Every line of the data is to be transcribed as it stands.
┌──
(* Let $F|R$ be an extension of ordered fields with canonical valuation $v$, and let $D<E$ be non-empty subsets of $R$. Assume that either $(D,E)$ is a non-ball cut in $R$ with $\mathrm{Betw}_F(D,E)\neq\emptyset$, or $(D,E)$ is a ball complement in $R$. Then $\mathrm{Betw}_F(D,E)=B_S(a,F)$ for each $a\in\mathrm{Betw}_F(D,E)$, where $S$ is the largest final segment of $vF$ disjoint from $v(E-D)$ (equivalently, the largest subset $S$ of $vF$ with $S>v(E-D)$).
   Context: The canonical valuation $v$ of an ordered field has as valuation ring the convex hull of $\mathbb Z$. $\mathrm{Betw}_F(D,E)=\{c\in F\mid D<c<E\}$ and $v(E-D)=\{v(e-d)\mid e\in E,d\in D\}$. For an ordered field $K$, $a\in K$ and a final segment $S$ of $vK$ (possibly empty), $B_S(a,K)=\{b\in K\mid v(a-b)\in S\cup\{\infty\}\}$ is a ball. A ball complement of a ball $B$ of $R$ is a pair $(D,E)$ with $D<B<E$ and $D\cup B\cup E=R$. A cut of $R$ is a pair $(D,E)$ with $D<E$ and $D\cup E=R$; for nonempty $A\subseteq R$, $A^+=(D,R\setminus D)$ with $D$ the smallest initial segment containing $A$, and $A^-=(R\setminus E,E)$ with $E$ the smallest final segment containing $A$; a cut is a ball cut if it is $B^+$ or $B^-$ for some ball $B$, and a non-ball cut otherwise. *)

theory Defs
  imports Main
begin

text \<open>The ordered field F is the type 'a (class linordered_field); R is an ordered
subfield given as a subset carrying the induced order.
Canonical valuation: v x \<le> v y iff y/x lies in the convex hull O of Z, i.e.
|y| \<le> n |x| for some natural n. The value v x is represented by the
archimedean class of x; v 0 = {0} plays the role of infinity.\<close>

definition subfield :: "'a::linordered_field set \<Rightarrow> bool" where
  "subfield R \<longleftrightarrow> 0 \<in> R \<and> 1 \<in> R \<and> (\<forall>x\<in>R. \<forall>y\<in>R. x + y \<in> R \<and> x * y \<in> R)
     \<and> (\<forall>x\<in>R. - x \<in> R \<and> inverse x \<in> R)"

definition vle :: "'a::linordered_field \<Rightarrow> 'a \<Rightarrow> bool" where
  "vle x y \<longleftrightarrow> (\<exists>n::nat. \<bar>y\<bar> \<le> of_nat n * \<bar>x\<bar>)"

definition vval :: "'a::linordered_field \<Rightarrow> 'a set" where
  "vval x = {y. vle x y \<and> vle y x}"

definition vgroup :: "'a::linordered_field set \<Rightarrow> 'a set set" where
  "vgroup K = vval ` (K - {0})"

definition vclass_le :: "'a::linordered_field set \<Rightarrow> 'a set \<Rightarrow> bool" where
  "vclass_le A B \<longleftrightarrow> (\<exists>x\<in>A. \<exists>y\<in>B. vle x y)"

definition vclass_less :: "'a::linordered_field set \<Rightarrow> 'a set \<Rightarrow> bool" where
  "vclass_less A B \<longleftrightarrow> vclass_le A B \<and> A \<noteq> B"

definition final_segment :: "'a::linordered_field set set \<Rightarrow> 'a set set \<Rightarrow> bool" where
  "final_segment G S \<longleftrightarrow> S \<subseteq> G \<and> (\<forall>\<gamma>\<in>S. \<forall>\<delta>\<in>G. vclass_le \<gamma> \<delta> \<longrightarrow> \<delta> \<in> S)"

definition ballV :: "'a::linordered_field set \<Rightarrow> 'a set set \<Rightarrow> 'a \<Rightarrow> 'a set" where
  "ballV K S a = {b\<in>K. a - b = 0 \<or> vval (a - b) \<in> S}"

definition is_ball :: "'a::linordered_field set \<Rightarrow> 'a set \<Rightarrow> bool" where
  "is_ball K B \<longleftrightarrow> (\<exists>a\<in>K. \<exists>S. final_segment (vgroup K) S \<and> B = ballV K S a)"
└──
- Task response:
(* Let $F|R$ be an extension of ordered fields with canonical valuation $v$, and let $D<E$ be non-empty subsets of $R$. Assume that either $(D,E)$ is a non-ball cut in $R$ with $\mathrm{Betw}_F(D,E)\neq\emptyset$, or $(D,E)$ is a ball complement in $R$. Then $\mathrm{Betw}_F(D,E)=B_S(a,F)$ for each $a\in\mathrm{Betw}_F(D,E)$, where $S$ is the largest final segment of $vF$ disjoint from $v(E-D)$ (equivalently, the largest subset $S$ of $vF$ with $S>v(E-D)$).
   Context: The canonical valuation $v$ of an ordered field has as valuation ring the convex hull of $\mathbb Z$. $\mathrm{Betw}_F(D,E)=\{c\in F\mid D<c<E\}$ and $v(E-D)=\{v(e-d)\mid e\in E,d\in D\}$. For an ordered field $K$, $a\in K$ and a final segment $S$ of $vK$ (possibly empty), $B_S(a,K)=\{b\in K\mid v(a-b)\in S\cup\{\infty\}\}$ is a ball. A ball complement of a ball $B$ of $R$ is a pair $(D,E)$ with $D<B<E$ and $D\cup B\cup E=R$. A cut of $R$ is a pair $(D,E)$ with $D<E$ and $D\cup E=R$; for nonempty $A\subseteq R$, $A^+=(D,R\setminus D)$ with $D$ the smallest initial segment containing $A$, and $A^-=(R\setminus E,E)$ with $E$ the smallest final segment containing $A$; a cut is a ball cut if it is $B^+$ or $B^-$ for some ball $B$, and a non-ball cut otherwise. *)

theory Defs
  imports Main
begin

text \<open>The ordered field F is the type 'a (class linordered_field); R is an ordered
subfield given as a subset carrying the induced order.
Canonical valuation: v x \<le> v y iff y/x lies in the convex hull O of Z, i.e.
|y| \<le> n |x| for some natural n. The value v x is represented by the
archimedean class of x; v 0 = {0} plays the role of infinity.\<close>

definition subfield :: "'a::linordered_field set \<Rightarrow> bool" where
  "subfield R \<longleftrightarrow> 0 \<in> R \<and> 1 \<in> R \<and> (\<forall>x\<in>R. \<forall>y\<in>R. x + y \<in> R \<and> x * y \<in> R)
     \<and> (\<forall>x\<in>R. - x \<in> R \<and> inverse x \<in> R)"

definition vle :: "'a::linordered_field \<Rightarrow> 'a \<Rightarrow> bool" where
  "vle x y \<longleftrightarrow> (\<exists>n::nat. \<bar>y\<bar> \<le> of_nat n * \<bar>x\<bar>)"

definition vval :: "'a::linordered_field \<Rightarrow> 'a set" where
  "vval x = {y. vle x y \<and> vle y x}"

definition vgroup :: "'a::linordered_field set \<Rightarrow> 'a set set" where
  "vgroup K = vval ` (K - {0})"

definition vclass_le :: "'a::linordered_field set \<Rightarrow> 'a set \<Rightarrow> bool" where
  "vclass_le A B \<longleftrightarrow> (\<exists>x\<in>A. \<exists>y\<in>B. vle x y)"

definition vclass_less :: "'a::linordered_field set \<Rightarrow> 'a set \<Rightarrow> bool" where
  "vclass_less A B \<longleftrightarrow> vclass_le A B \<and> A \<noteq> B"

definition final_segment :: "'a::linordered_field set set \<Rightarrow> 'a set set \<Rightarrow> bool" where
  "final_segment G S \<longleftrightarrow> S \<subseteq> G \<and> (\<forall>\<gamma>\<in>S. \<forall>\<delta>\<in>G. vclass_le \<gamma> \<delta> \<longrightarrow> \<delta> \<in> S)"

definition ballV :: "'a::linordered_field set \<Rightarrow> 'a set set \<Rightarrow> 'a \<Rightarrow> 'a set" where
  "ballV K S a = {b\<in>K. a - b = 0 \<or> vval (a - b) \<in> S}"

definition is_ball :: "'a::linordered_field set \<Rightarrow> 'a set \<Rightarrow> bool" where
  "is_ball K B \<longleftrightarrow> (\<exists>a\<in>K. \<exists>S. final_segment (vgroup K) S \<and> B = ballV K S a)"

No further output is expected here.